Start of Data records

(* For every integer $n\geq 1$, the empty graph $\overline{K_n}$ on $n$ vertices satisfies $\operatorname{th}_{\operatorname{H}}(\overline{K_n})=\lceil 2\sqrt{n}-1\rceil$.
   Context: All graphs are finite, simple and undirected. Hopping color change rule: a blue vertex $v$ may force a white vertex $w$ to become blue if $v$ has not previously performed a force and every neighbor of $v$ is blue. For an initial blue set $B$, a chronological list of forces of $B$ is a sequence of such forces applied one at a time until no further force is possible; its underlying unordered set is a set of forces of $B$. $B$ is a hopping forcing set if some chronological list of forces of $B$ turns all vertices blue. For a set of forces $\mathcal F$ of $B$, let $\mathcal F^{(0)}=B$ and for $t\geq1$ let $\mathcal F^{(t)}$ be the set of vertices $w\notin U_{t-1}:=\bigcup_{i=0}^{t-1}\mathcal F^{(i)}$ for which there is $(v\to w)\in\mathcal F$ with $v\in U_{t-1}$ and all neighbors of $v$ in $U_{t-1}$. $\operatorname{pt}_{\operatorname{H}}(G;\mathcal F)$ is the least $t$ with $\bigcup_{i=0}^t\mathcal F^{(i)}=V(G)$ ($\infty$ if none); $\operatorname{pt}_{\operatorname{H}}(G;B)$ is the minimum of $\operatorname{pt}_{\operatorname{H}}(G;\mathcal F)$ over sets of forces $\mathcal F$ of $B$ ($\infty$ if $B$ is not a hopping forcing set). $\operatorname{th}_{\operatorname{H}}(G)=\min_{B\subseteq V(G)}\big(|B|+\operatorname{pt}_{\operatorname{H}}(G;B)\big)$. *)

theory Defs
  imports Complex_Main "HOL-Library.Extended_Nat"
begin

text \<open>A finite simple graph is given by a vertex set V and an edge relation E
(assumed symmetric and irreflexive where needed).  A force is a pair (v, w)
meaning v forces w.\<close>

definition hop_chron_valid :: "'a set \<Rightarrow> ('a \<Rightarrow> 'a \<Rightarrow> bool) \<Rightarrow> 'a set \<Rightarrow> ('a \<times> 'a) list \<Rightarrow> bool" where
  "hop_chron_valid V E B fs \<longleftrightarrow>
     (\<forall>i < length fs.
        let v = fst (fs ! i); w = snd (fs ! i); U = B \<union> snd ` set (take i fs) in
          v \<in> V \<and> v \<in> U \<and> w \<in> V \<and> w \<notin> U \<and> v \<notin> fst ` set (take i fs) \<and>
          (\<forall>u \<in> V. E v u \<longrightarrow> u \<in> U))"

definition hop_chron_list :: "'a set \<Rightarrow> ('a \<Rightarrow> 'a \<Rightarrow> bool) \<Rightarrow> 'a set \<Rightarrow> ('a \<times> 'a) list \<Rightarrow> bool" where
  "hop_chron_list V E B fs \<longleftrightarrow>
     hop_chron_valid V E B fs \<and> \<not> (\<exists>v w. hop_chron_valid V E B (fs @ [(v, w)]))"

definition hop_force_sets :: "'a set \<Rightarrow> ('a \<Rightarrow> 'a \<Rightarrow> bool) \<Rightarrow> 'a set \<Rightarrow> ('a \<times> 'a) set set" where
  "hop_force_sets V E B = {set fs | fs. hop_chron_list V E B fs}"

definition hopping_forcing_set :: "'a set \<Rightarrow> ('a \<Rightarrow> 'a \<Rightarrow> bool) \<Rightarrow> 'a set \<Rightarrow> bool" where
  "hopping_forcing_set V E B \<longleftrightarrow> B \<subseteq> V \<and>
     (\<exists>fs. hop_chron_list V E B fs \<and> B \<union> snd ` set fs = V)"

fun hop_blue :: "'a set \<Rightarrow> ('a \<Rightarrow> 'a \<Rightarrow> bool) \<Rightarrow> 'a set \<Rightarrow> ('a \<times> 'a) set \<Rightarrow> nat \<Rightarrow> 'a set" where
  "hop_blue V E B F 0 = B"
| "hop_blue V E B F (Suc t) =
     hop_blue V E B F t \<union>
     {w. w \<notin> hop_blue V E B F t \<and>
         (\<exists>v. (v, w) \<in> F \<and> v \<in> hop_blue V E B F t \<and>
              (\<forall>u \<in> V. E v u \<longrightarrow> u \<in> hop_blue V E B F t))}"

definition pt_hop_forces :: "'a set \<Rightarrow> ('a \<Rightarrow> 'a \<Rightarrow> bool) \<Rightarrow> 'a set \<Rightarrow> ('a \<times> 'a) set \<Rightarrow> enat" where
  "pt_hop_forces V E B F =
     (if \<exists>t. hop_blue V E B F t = V then enat (LEAST t. hop_blue V E B F t = V) else \<infinity>)"

definition pt_hop :: "'a set \<Rightarrow> ('a \<Rightarrow> 'a \<Rightarrow> bool) \<Rightarrow> 'a set \<Rightarrow> enat" where
  "pt_hop V E B =
     (if hopping_forcing_set V E B
      then (INF F \<in> hop_force_sets V E B. pt_hop_forces V E B F) else \<infinity>)"

definition th_hop :: "'a set \<Rightarrow> ('a \<Rightarrow> 'a \<Rightarrow> bool) \<Rightarrow> enat" where
  "th_hop V E = (INF B \<in> Pow V. enat (card B) + pt_hop V E B)"

end

theory Submission
  imports Defs
begin

text \<open>The forces of a chronological list have pairwise distinct sources, and a vertex that
is blue after t + 1 rounds lies in B or is forced by a vertex blue after t rounds. So in any
graph at most |B|(t + 1) vertices are blue after t rounds, and covering n vertices needs
|B| + t \<ge> 2\<surd>n - 1 by AM-GM. Conversely, in the empty graph every blue vertex may force
at once: from B = {0..<a} the forces j \<rightarrow> j + a colour {0..<a(t + 1)} after t rounds, and
a \<approx> \<surd>n with the matching number of rounds attains the bound.\<close>

lemma card_Image_le:
  assumes "inj_on fst F" "finite A"
  shows "card (F `` A) \<le> card A"
proof -
  let ?G = "F \<inter> (A \<times> UNIV)"
  have inj: "inj_on fst ?G" using assms(1) by (rule inj_on_subset) auto
  have sub: "fst ` ?G \<subseteq> A" by auto
  have fin: "finite ?G" using finite_imageD[OF finite_subset[OF sub assms(2)] inj] .
  have "F `` A = snd ` ?G" by force
  hence "card (F `` A) \<le> card ?G" using card_image_le[OF fin] by simp
  also have "card ?G = card (fst ` ?G)" using card_image[OF inj] by simp
  also have "\<dots> \<le> card A" using card_mono[OF assms(2) sub] .
  finally show ?thesis .
qed

lemma hop_blue_mono_Suc: "hop_blue V E B F t \<subseteq> hop_blue V E B F (Suc t)"
  by auto

lemma hop_blue_subset_Image: "hop_blue V E B F t \<subseteq> B \<union> F `` hop_blue V E B F t"
proof (induction t)
  case 0
  then show ?case by simp
next
  case (Suc t)
  have "F `` hop_blue V E B F t \<subseteq> F `` hop_blue V E B F (Suc t)"
    using hop_blue_mono_Suc by (rule Image_mono[OF order_refl])
  with Suc.IH show ?case
    using hop_blue_mono_Suc[of V E B F t] by auto
qed

lemma hop_blue_Suc_subset: "hop_blue V E B F (Suc t) \<subseteq> B \<union> F `` hop_blue V E B F t"
  using hop_blue_subset_Image[of V E B F t] by auto

lemma finite_hop_blue: "finite B \<Longrightarrow> finite F \<Longrightarrow> finite (hop_blue V E B F t)"
proof (induction t)
  case 0
  then show ?case by simp
next
  case (Suc t)
  have "hop_blue V E B F (Suc t) \<subseteq> hop_blue V E B F t \<union> snd ` F" by force
  then show ?case using Suc finite_subset by blast
qed

lemma card_hop_blue_le:
  assumes "inj_on fst F" "finite B" "finite F"
  shows "card (hop_blue V E B F t) \<le> card B * (t + 1)"
proof (induction t)
  case 0
  then show ?case by simp
next
  case (Suc t)
  let ?U = "hop_blue V E B F t"
  have "finite (F `` ?U)"
    by (rule finite_subset[of _ "snd ` F"]) (use assms(3) in force)+
  then have "card (hop_blue V E B F (Suc t)) \<le> card (B \<union> F `` ?U)"
    using assms(2) by (intro card_mono[OF _ hop_blue_Suc_subset]) simp
  also have "\<dots> \<le> card B + card (F `` ?U)" by (rule card_Un_le)
  also have "\<dots> \<le> card B + card ?U"
    using card_Image_le[OF assms(1) finite_hop_blue[OF assms(2,3)]] by simp
  also have "\<dots> \<le> card B * (Suc t + 1)" using Suc by simp
  finally show ?case .
qed

lemma hop_chron_valid_distinct_fst:
  assumes "hop_chron_valid V E B fs"
  shows "distinct (map fst fs)"
proof -
  have "fst (fs ! i) \<noteq> fst (fs ! j)" if "i < j" "j < length fs" for i j
  proof -
    have "fs ! i \<in> set (take j fs)"
      using that by (metis in_set_conv_nth length_take min.absorb4 nth_take order.strict_trans)
    moreover have "fst (fs ! j) \<notin> fst ` set (take j fs)"
      using assms that unfolding hop_chron_valid_def Let_def by blast
    ultimately show ?thesis by (metis image_eqI)
  qed
  then show ?thesis
    unfolding distinct_conv_nth by (metis length_map linorder_neqE_nat nth_map)
qed

lemma hop_chron_valid_snd_subset:
  assumes "hop_chron_valid V E B fs"
  shows "snd ` set fs \<subseteq> V"
proof
  fix w assume "w \<in> snd ` set fs"
  then obtain i where "i < length fs" "w = snd (fs ! i)"
    by (auto simp: in_set_conv_nth)
  with assms show "w \<in> V"
    unfolding hop_chron_valid_def Let_def by blast
qed

lemma card_le_of_hop_blue_eq:
  assumes "finite V" "B \<subseteq> V" "F \<in> hop_force_sets V E B" "hop_blue V E B F t = V"
  shows "card V \<le> card B * (t + 1)"
proof -
  obtain fs where F: "F = set fs" "hop_chron_list V E B fs"
    using assms(3) unfolding hop_force_sets_def by blast
  then have "inj_on fst F"
    using hop_chron_valid_distinct_fst by (auto simp: hop_chron_list_def distinct_map)
  then show ?thesis
    using card_hop_blue_le[of F B V E t] assms finite_subset F(1) by auto
qed

lemma ceiling_two_sqrt_le_sum:
  fixes n b t :: nat
  assumes "n \<le> b * (t + 1)"
  shows "nat \<lceil>2 * sqrt (real n) - 1\<rceil> \<le> b + t"
proof -
  have "real n \<le> real b * (real t + 1)"
    using of_nat_mono[OF assms] by (simp add: algebra_simps)
  then have "sqrt (real n) \<le> sqrt (real b * (real t + 1))" by simp
  moreover have "(2 * sqrt (real b * (real t + 1)))\<^sup>2 \<le> (real b + real t + 1)\<^sup>2"
    \<comment> \<open>AM-GM, as \<open>(b - (t + 1))\<^sup>2 \<ge> 0\<close>\<close>
    using sum_squares_ge_zero[of "real b - real t - 1" 0]
    by (simp add: power_mult_distrib power2_eq_square algebra_simps)
  then have "2 * sqrt (real b * (real t + 1)) \<le> real b + real t + 1"
    by (rule power2_le_imp_le) simp
  ultimately have "2 * sqrt (real n) - 1 \<le> real b + real t" by linarith
  then have "\<lceil>2 * sqrt (real n) - 1\<rceil> \<le> int (b + t)" by (intro ceiling_le) simp
  then show ?thesis by simp
qed

lemma th_hop_ge_ceiling_sqrt:
  assumes "finite V"
  shows "enat (nat \<lceil>2 * sqrt (real (card V)) - 1\<rceil>) \<le> th_hop V E"
  unfolding th_hop_def
proof (rule INF_greatest)
  define T where "T = nat \<lceil>2 * sqrt (real (card V)) - 1\<rceil>"
  fix B assume "B \<in> Pow V"
  then have B: "B \<subseteq> V" by blast
  have "enat (T - card B) \<le> pt_hop_forces V E B F" if F: "F \<in> hop_force_sets V E B" for F
  proof (cases "\<exists>t. hop_blue V E B F t = V")
    case True
    let ?t = "LEAST t. hop_blue V E B F t = V"
    have "hop_blue V E B F ?t = V" using True by (rule LeastI_ex)
    then have "card V \<le> card B * (?t + 1)"
      by (rule card_le_of_hop_blue_eq[OF assms B F])
    then have "T \<le> card B + ?t" unfolding T_def by (rule ceiling_two_sqrt_le_sum)
    then show ?thesis unfolding pt_hop_forces_def using True by simp
  qed (simp add: pt_hop_forces_def)
  then have "enat (T - card B) \<le> pt_hop V E B"
    unfolding pt_hop_def by (auto intro: INF_greatest)
  then have "enat (card B) + enat (T - card B) \<le> enat (card B) + pt_hop V E B"
    by (rule add_left_mono)
  then show "enat T \<le> enat (card B) + pt_hop V E B"
    by (rule order_trans[rotated]) simp
qed

lemma th_hop_le:
  assumes "B \<subseteq> V" "hop_chron_list V E B fs" "hop_blue V E B (set fs) t = V"
  shows "th_hop V E \<le> enat (card B + t)"
proof -
  have "snd ` set fs \<subseteq> V"
    using assms(2) hop_chron_valid_snd_subset unfolding hop_chron_list_def by blast
  moreover have "V \<subseteq> B \<union> snd ` set fs"
    using hop_blue_subset_Image[of V E B "set fs" t] assms(3) by force
  ultimately have "B \<union> snd ` set fs = V" using assms(1) by blast
  then have "hopping_forcing_set V E B"
    unfolding hopping_forcing_set_def using assms(1,2) by blast
  moreover have "set fs \<in> hop_force_sets V E B"
    unfolding hop_force_sets_def using assms(2) by blast
  moreover have "pt_hop_forces V E B (set fs) \<le> enat t"
    unfolding pt_hop_forces_def using assms(3) by (auto intro: Least_le)
  ultimately have "pt_hop V E B \<le> enat t"
    unfolding pt_hop_def by (auto intro: INF_lower2)
  then have "enat (card B) + pt_hop V E B \<le> enat (card B + t)"
    by (metis add_left_mono plus_enat_simps(1))
  then show ?thesis
    unfolding th_hop_def using assms(1) by (auto intro: INF_lower2)
qed

definition shift_forces :: "nat \<Rightarrow> nat \<Rightarrow> (nat \<times> nat) list" where
  "shift_forces n a = map (\<lambda>j. (j, j + a)) [0..<n - a]"

lemma set_take_shift_forces:
  "i \<le> n - a \<Longrightarrow> set (take i (shift_forces n a)) = (\<lambda>j. (j, j + a)) ` {0..<i}"
  unfolding shift_forces_def by (simp add: take_map min_def)

lemma snd_image_shift: "snd ` (\<lambda>j. (j, j + a)) ` {0..<k} = {a..<k + (a::nat)}"
  by (auto simp: image_image image_iff intro!: bexI[where x = "_ - a"])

End of Data records

Using the entries above, give again exactly the lines from the line holding "fix w assume" through the line holding "V \<le> card B * (t". Include both end lines and nothing else.

§ Reply
  fix w assume "w \<in> snd ` set fs"
  then obtain i where "i < length fs" "w = snd (fs ! i)"
    by (auto simp: in_set_conv_nth)
  with assms show "w \<in> V"
    unfolding hop_chron_valid_def Let_def by blast
qed

lemma card_le_of_hop_blue_eq:
  assumes "finite V" "B \<subseteq> V" "F \<in> hop_force_sets V E B" "hop_blue V E B F t = V"
  shows "card V \<le> card B * (t + 1)"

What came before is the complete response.